[Opening Listed entries section]
(* Let $\Theta\subset\mathbb{R}^p$, let $\mathcal{K}\subset\Theta$ be compact, let $P$ be a probability measure on a measurable space $\Omega_T$, and for each $\theta\in\Theta$ let $(h^\theta_n)_{n\ge1}$ be measurable functions $\Omega_T\to\mathbb{R}$. Assume: (i) for every $\theta\in\Theta$, $h^\theta_n$ converges $P$-a.s. to a finite real number $h^\theta$; (ii) $\theta\mapsto h^\theta$ has a unique minimizer $\theta^*$ over $\Theta$, and $\theta^*\in\mathcal{K}$; (iii) for $P$-a.e. $\omega$ and all $n$ large enough, $\theta\mapsto h^\theta_n(\omega)$ attains its infimum over $\mathcal{K}$ at at least one point $\hat\theta_n(\omega)$; (iv) $\theta\mapsto h^\theta$ is lower semicontinuous on $\Theta$; (v) there is $g_0:\mathbb{R}_+\to\mathbb{R}_+$ with $\lim_{x\to0}g_0(x)=0$ such that for every $\varepsilon>0$ and $\theta\in\mathcal{K}$ there are a finite set $\mathcal{N}(\theta)\subset B(\theta,g_0(\varepsilon))\cap\Theta$ and $r(\theta)>0$ with $P\Big(\limsup_{n\to\infty}\big(\min_{\theta'\in\mathcal{N}(\theta)}h^{\theta'}_n-\inf_{\theta'\in B(\theta,r(\theta))\cap\mathcal{K}}h^{\theta'}_n\big)\ge\varepsilon\Big)=0.$ Then $\hat\theta_n=\mathrm{argmin}_{\theta\in\mathcal{K}}h^\theta_n$ converges $P$-almost surely to $\theta^*$ as $n\to\infty$.
   Context: $B(\theta,r)$ denotes the open Euclidean ball of center $\theta$ and radius $r$ in $\mathbb{R}^p$. *)

theory Defs
  imports "HOL-Probability.Probability"
begin

definition lsc_on :: "'a::metric_space set \<Rightarrow> ('a \<Rightarrow> real) \<Rightarrow> bool" where
  "lsc_on S f \<longleftrightarrow> (\<forall>x\<in>S. \<forall>e>0. \<forall>\<^sub>F y in at x within S. f x - e < f y)"

end

theory Submission
  imports Defs
begin

text \<open>Fix \<open>\<delta> > 0\<close>. Lower semicontinuity, uniqueness of the minimiser and compactness give
  \<open>H > H \<theta>\<^sup>* + c\<close> on an \<open>\<eta>\<close>-neighbourhood of \<open>K - B(\<theta>\<^sup>*, \<delta>)\<close>. Taking \<open>\<epsilon> < c\<close> with
  \<open>g\<^sub>0 \<epsilon> < \<eta>\<close>, hypothesis (v) covers \<open>K - B(\<theta>\<^sup>*, \<delta>)\<close> by finitely many balls on each of which,
  eventually, \<open>inf h\<^sub>n\<close> is at least the minimum over a finite net minus \<open>\<epsilon>\<close>, hence above
  \<open>H \<theta>\<^sup>* + c - \<epsilon>\<close>; but \<open>h\<^sub>n \<theta>\<^sup>* \<longrightarrow> H \<theta>\<^sup>* < H \<theta>\<^sup>* + c - \<epsilon>\<close>, so the minimiser eventually avoids
  these balls. Only finitely many parameters are involved, so this happens on a single event of
  full probability; letting \<open>\<delta> \<rightarrow> 0\<close> along a sequence gives a.s. convergence.\<close>

lemma lsc_on_nhd_gt:
  assumes "lsc_on \<Theta> H" "x \<in> \<Theta>" "b < H x"
  obtains d where "d > 0" "\<And>y. y \<in> \<Theta> \<Longrightarrow> dist y x < d \<Longrightarrow> b < H y"
proof -
  from assms have "\<forall>\<^sub>F y in at x within \<Theta>. H x - (H x - b) < H y"
    unfolding lsc_on_def by (meson diff_gt_0_iff_gt)
  then obtain d where "d > 0" "\<And>y. y \<in> \<Theta> \<Longrightarrow> y \<noteq> x \<Longrightarrow> dist y x < d \<Longrightarrow> b < H y"
    unfolding eventually_at by auto
  with assms(3) show thesis by (metis that)
qed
[Closing Listed entries section]
> [Exercise description]:
For the word "assms", say how many lines of the data include it, with nothing else in the reply.

> [Response box]:
2